▶ Your objective:
Nothing in the entries may be dropped: restate them word for word.

---- Exercise data

(* Let $M$ (dimension $m$) and $N$ (dimension $n$) be smooth manifolds carrying torsion-free (symmetric) affine connections ${}^M\nabla$ and ${}^N\nabla$, with local components ${}^M\Gamma^k_{ij}(x)$ and ${}^N\Gamma^\sigma_{\alpha\lambda}(\phi)$ in local coordinates $(x^i)$ on $M$ and $(\phi^\sigma)$ on $N$. Consider the fibred manifold $\pi: M\times N\to M$ with adapted coordinates $(x^i,\phi^\sigma)$ and induced jet coordinates $\phi^\sigma_i,\phi^\sigma_{ij}$ on the second jet prolongation. Let $g^{ij}(x)$ be the components of a (symmetric, nondegenerate) inverse metric on $M$, and let $h_{\sigma\nu}(x,\phi)$ be smooth functions, symmetric in $\sigma,\nu$ and nondegenerate, so that for each fixed $x$ they are the components of a metric $h_x$ on $N$ (which may differ from fibre to fibre). Put $B^{ij}_{\sigma\nu}=g^{ij}(x)h_{\sigma\nu}(x,\phi)$ and consider the dynamical form $E=E_\nu\,\omega^\nu\wedge\omega_0$, where $\omega^\nu={\rm d}\phi^\nu-\phi^\nu_i{\rm d}x^i$, $\omega_0={\rm d}x^1\wedge\cdots\wedge{\rm d}x^m$, and $$E_\nu=B^{ij}_{\sigma\nu}\left(\phi^\sigma_{ij}-{}^M\Gamma^k_{ij}\phi^\sigma_k+{}^N\Gamma^\sigma_{\alpha\lambda}\phi^\alpha_i\phi^\lambda_j\right).$$ Suppose that (1) for each fixed $x$, the connection ${}^N\nabla$ is compatible with the metric $h_x$, i.e. $\dfrac{\partial h_{\mu\nu}}{\partial\phi^\lambda}={}^N\Gamma^\sigma_{\mu\lambda}h_{\sigma\nu}+{}^N\Gamma^\sigma_{\nu\lambda}h_{\sigma\mu}$; and (2) the dependence of $h$ on the base coordinates is governed by ${}^M\nabla$ and $g$ via $$h_{\mu\nu}\left(g^{ij}\,{}^M\Gamma^l_{ij}+\frac{\partial g^{lp}}{\partial x^p}\right)=-\frac{\partial h_{\mu\nu}}{\partial x^p}\,g^{lp}\quad\text{for all } l,\mu,\nu;$$ equivalently, writing ${}^M\Gamma^l_{ij}={}^M\bar\Gamma^l_{ij}+S^l_{ij}$ with ${}^M\bar\Gamma$ the Levi-Civita connection of $g$ and $S$ a tensor, $g^{ij}S^l_{ij}=-\frac{1}{n}h^{\mu\nu}\frac{\partial h_{\mu\nu}}{\partial x^p}g^{lp}$. Then the dynamical form $E$ is variational, i.e. $B=g\otimes h$ solves the weak inverse problem of the calculus of variations for the geodesic mapping equations $\phi^\sigma_{ij}-{}^M\Gamma^k_{ij}\phi^\sigma_k+{}^N\Gamma^\sigma_{\alpha\lambda}\phi^\alpha_i\phi^\lambda_j=0$. In particular ${}^N\nabla$ must be metric (fibrewise), whereas ${}^M\nabla$ need not be the Levi-Civita connection of $g$.
   Context: A map $\phi:M\to N$ (immersion, $\dim M\le\dim N$) between manifolds with affine connections is called geodesic if it maps every geodesic curve of $(M,{}^M\nabla)$ to a geodesic curve of $(N,{}^N\nabla)$ (with the same parameter); a sufficient condition is the system $\phi^\sigma_{ij}-{}^M\Gamma^k_{ij}\phi^\sigma_k+{}^N\Gamma^\sigma_{\alpha\lambda}\phi^\alpha_i\phi^\lambda_j=0$. A dynamical form $E=E_\nu\,\omega^\nu\wedge\omega_0$ on the second jet prolongation of $M\times N\to M$ is called variational if it is (locally) the Euler–Lagrange form of some Lagrangian, i.e. $E_\nu=\frac{\partial L}{\partial\phi^\nu}-{\rm d}_k\frac{\partial L}{\partial\phi^\nu_k}+\dots$ for some Lagrangian $L$; the weak inverse problem asks for a multiplier $B^{ij}_{\sigma\nu}(x,\phi)$ (independent of derivatives) making the multiplied equations variational. Here ${\rm d}_k$ denotes the total derivative. *)

theory Defs
  imports "HOL-Analysis.Analysis"
begin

--------

▶ Response box:
(* Let $M$ (dimension $m$) and $N$ (dimension $n$) be smooth manifolds carrying torsion-free (symmetric) affine connections ${}^M\nabla$ and ${}^N\nabla$, with local components ${}^M\Gamma^k_{ij}(x)$ and ${}^N\Gamma^\sigma_{\alpha\lambda}(\phi)$ in local coordinates $(x^i)$ on $M$ and $(\phi^\sigma)$ on $N$. Consider the fibred manifold $\pi: M\times N\to M$ with adapted coordinates $(x^i,\phi^\sigma)$ and induced jet coordinates $\phi^\sigma_i,\phi^\sigma_{ij}$ on the second jet prolongation. Let $g^{ij}(x)$ be the components of a (symmetric, nondegenerate) inverse metric on $M$, and let $h_{\sigma\nu}(x,\phi)$ be smooth functions, symmetric in $\sigma,\nu$ and nondegenerate, so that for each fixed $x$ they are the components of a metric $h_x$ on $N$ (which may differ from fibre to fibre). Put $B^{ij}_{\sigma\nu}=g^{ij}(x)h_{\sigma\nu}(x,\phi)$ and consider the dynamical form $E=E_\nu\,\omega^\nu\wedge\omega_0$, where $\omega^\nu={\rm d}\phi^\nu-\phi^\nu_i{\rm d}x^i$, $\omega_0={\rm d}x^1\wedge\cdots\wedge{\rm d}x^m$, and $$E_\nu=B^{ij}_{\sigma\nu}\left(\phi^\sigma_{ij}-{}^M\Gamma^k_{ij}\phi^\sigma_k+{}^N\Gamma^\sigma_{\alpha\lambda}\phi^\alpha_i\phi^\lambda_j\right).$$ Suppose that (1) for each fixed $x$, the connection ${}^N\nabla$ is compatible with the metric $h_x$, i.e. $\dfrac{\partial h_{\mu\nu}}{\partial\phi^\lambda}={}^N\Gamma^\sigma_{\mu\lambda}h_{\sigma\nu}+{}^N\Gamma^\sigma_{\nu\lambda}h_{\sigma\mu}$; and (2) the dependence of $h$ on the base coordinates is governed by ${}^M\nabla$ and $g$ via $$h_{\mu\nu}\left(g^{ij}\,{}^M\Gamma^l_{ij}+\frac{\partial g^{lp}}{\partial x^p}\right)=-\frac{\partial h_{\mu\nu}}{\partial x^p}\,g^{lp}\quad\text{for all } l,\mu,\nu;$$ equivalently, writing ${}^M\Gamma^l_{ij}={}^M\bar\Gamma^l_{ij}+S^l_{ij}$ with ${}^M\bar\Gamma$ the Levi-Civita connection of $g$ and $S$ a tensor, $g^{ij}S^l_{ij}=-\frac{1}{n}h^{\mu\nu}\frac{\partial h_{\mu\nu}}{\partial x^p}g^{lp}$. Then the dynamical form $E$ is variational, i.e. $B=g\otimes h$ solves the weak inverse problem of the calculus of variations for the geodesic mapping equations $\phi^\sigma_{ij}-{}^M\Gamma^k_{ij}\phi^\sigma_k+{}^N\Gamma^\sigma_{\alpha\lambda}\phi^\alpha_i\phi^\lambda_j=0$. In particular ${}^N\nabla$ must be metric (fibrewise), whereas ${}^M\nabla$ need not be the Levi-Civita connection of $g$.
   Context: A map $\phi:M\to N$ (immersion, $\dim M\le\dim N$) between manifolds with affine connections is called geodesic if it maps every geodesic curve of $(M,{}^M\nabla)$ to a geodesic curve of $(N,{}^N\nabla)$ (with the same parameter); a sufficient condition is the system $\phi^\sigma_{ij}-{}^M\Gamma^k_{ij}\phi^\sigma_k+{}^N\Gamma^\sigma_{\alpha\lambda}\phi^\alpha_i\phi^\lambda_j=0$. A dynamical form $E=E_\nu\,\omega^\nu\wedge\omega_0$ on the second jet prolongation of $M\times N\to M$ is called variational if it is (locally) the Euler–Lagrange form of some Lagrangian, i.e. $E_\nu=\frac{\partial L}{\partial\phi^\nu}-{\rm d}_k\frac{\partial L}{\partial\phi^\nu_k}+\dots$ for some Lagrangian $L$; the weak inverse problem asks for a multiplier $B^{ij}_{\sigma\nu}(x,\phi)$ (independent of derivatives) making the multiplied equations variational. Here ${\rm d}_k$ denotes the total derivative. *)

theory Defs
  imports "HOL-Analysis.Analysis"
begin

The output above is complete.